- [Provided entries]
- - -

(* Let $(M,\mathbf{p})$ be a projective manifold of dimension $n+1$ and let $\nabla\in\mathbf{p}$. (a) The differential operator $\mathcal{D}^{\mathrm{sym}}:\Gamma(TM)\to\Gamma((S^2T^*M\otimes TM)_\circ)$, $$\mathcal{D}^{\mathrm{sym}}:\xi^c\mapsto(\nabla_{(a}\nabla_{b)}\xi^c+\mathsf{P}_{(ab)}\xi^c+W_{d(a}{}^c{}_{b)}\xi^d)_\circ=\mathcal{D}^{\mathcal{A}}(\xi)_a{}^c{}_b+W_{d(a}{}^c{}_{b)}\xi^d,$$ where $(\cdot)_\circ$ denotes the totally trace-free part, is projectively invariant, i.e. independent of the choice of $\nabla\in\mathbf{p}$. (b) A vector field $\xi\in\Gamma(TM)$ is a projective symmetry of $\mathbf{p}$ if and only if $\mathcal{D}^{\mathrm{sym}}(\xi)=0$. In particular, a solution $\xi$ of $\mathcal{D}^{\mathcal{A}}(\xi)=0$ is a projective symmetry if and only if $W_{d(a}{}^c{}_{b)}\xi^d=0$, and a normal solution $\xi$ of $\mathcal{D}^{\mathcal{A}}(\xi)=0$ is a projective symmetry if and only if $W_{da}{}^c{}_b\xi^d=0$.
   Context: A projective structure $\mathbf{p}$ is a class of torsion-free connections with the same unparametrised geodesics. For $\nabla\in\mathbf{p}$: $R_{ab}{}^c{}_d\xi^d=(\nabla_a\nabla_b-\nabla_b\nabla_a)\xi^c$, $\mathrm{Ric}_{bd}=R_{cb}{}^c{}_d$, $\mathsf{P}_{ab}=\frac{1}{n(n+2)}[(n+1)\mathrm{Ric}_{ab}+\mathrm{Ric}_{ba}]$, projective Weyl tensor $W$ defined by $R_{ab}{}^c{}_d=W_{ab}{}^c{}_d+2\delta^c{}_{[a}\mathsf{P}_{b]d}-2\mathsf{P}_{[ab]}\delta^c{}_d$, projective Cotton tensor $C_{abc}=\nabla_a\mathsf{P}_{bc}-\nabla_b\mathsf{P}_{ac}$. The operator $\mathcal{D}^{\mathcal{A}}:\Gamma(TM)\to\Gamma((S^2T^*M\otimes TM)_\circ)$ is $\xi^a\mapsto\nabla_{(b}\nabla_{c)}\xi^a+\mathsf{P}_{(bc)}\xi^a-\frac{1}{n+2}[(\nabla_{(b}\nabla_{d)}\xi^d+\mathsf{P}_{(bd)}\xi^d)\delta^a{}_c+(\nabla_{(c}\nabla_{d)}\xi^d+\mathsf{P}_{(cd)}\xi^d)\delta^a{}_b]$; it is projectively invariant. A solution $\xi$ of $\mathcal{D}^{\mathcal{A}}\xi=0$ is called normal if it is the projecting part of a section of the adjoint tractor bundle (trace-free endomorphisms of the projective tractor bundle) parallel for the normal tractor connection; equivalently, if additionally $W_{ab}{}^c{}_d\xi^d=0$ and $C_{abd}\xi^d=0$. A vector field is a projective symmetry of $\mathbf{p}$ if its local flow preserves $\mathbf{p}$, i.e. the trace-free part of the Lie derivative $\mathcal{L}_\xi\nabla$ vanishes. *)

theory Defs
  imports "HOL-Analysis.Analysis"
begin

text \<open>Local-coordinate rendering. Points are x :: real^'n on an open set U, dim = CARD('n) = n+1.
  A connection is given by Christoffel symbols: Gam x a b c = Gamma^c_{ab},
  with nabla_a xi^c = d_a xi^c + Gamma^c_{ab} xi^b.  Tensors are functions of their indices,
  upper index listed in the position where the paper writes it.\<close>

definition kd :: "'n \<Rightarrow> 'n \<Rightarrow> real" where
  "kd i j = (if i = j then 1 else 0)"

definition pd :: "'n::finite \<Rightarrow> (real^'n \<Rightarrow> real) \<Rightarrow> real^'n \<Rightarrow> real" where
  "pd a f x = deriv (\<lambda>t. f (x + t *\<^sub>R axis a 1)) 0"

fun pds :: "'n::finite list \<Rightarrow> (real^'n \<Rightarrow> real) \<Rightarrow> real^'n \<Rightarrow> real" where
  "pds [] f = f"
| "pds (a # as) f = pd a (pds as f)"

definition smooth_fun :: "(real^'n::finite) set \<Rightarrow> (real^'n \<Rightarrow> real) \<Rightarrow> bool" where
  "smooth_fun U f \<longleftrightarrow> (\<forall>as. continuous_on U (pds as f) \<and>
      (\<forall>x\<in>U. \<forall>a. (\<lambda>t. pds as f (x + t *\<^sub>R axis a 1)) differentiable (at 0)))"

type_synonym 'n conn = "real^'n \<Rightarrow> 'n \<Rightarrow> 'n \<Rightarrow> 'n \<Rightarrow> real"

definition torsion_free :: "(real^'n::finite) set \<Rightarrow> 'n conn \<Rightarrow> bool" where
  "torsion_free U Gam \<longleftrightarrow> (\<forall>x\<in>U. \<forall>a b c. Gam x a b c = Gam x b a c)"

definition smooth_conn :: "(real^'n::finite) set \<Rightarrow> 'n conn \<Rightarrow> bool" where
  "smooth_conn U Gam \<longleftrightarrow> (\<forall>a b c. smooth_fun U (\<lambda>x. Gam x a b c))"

- - -

- [What you need to do] Scan the material above. Return every line containing the string "axis".

- [Solution]
  "pd a f x = deriv (\<lambda>t. f (x + t *\<^sub>R axis a 1)) 0"
      (\<forall>x\<in>U. \<forall>a. (\<lambda>t. pds as f (x + t *\<^sub>R axis a 1)) differentiable (at 0)))"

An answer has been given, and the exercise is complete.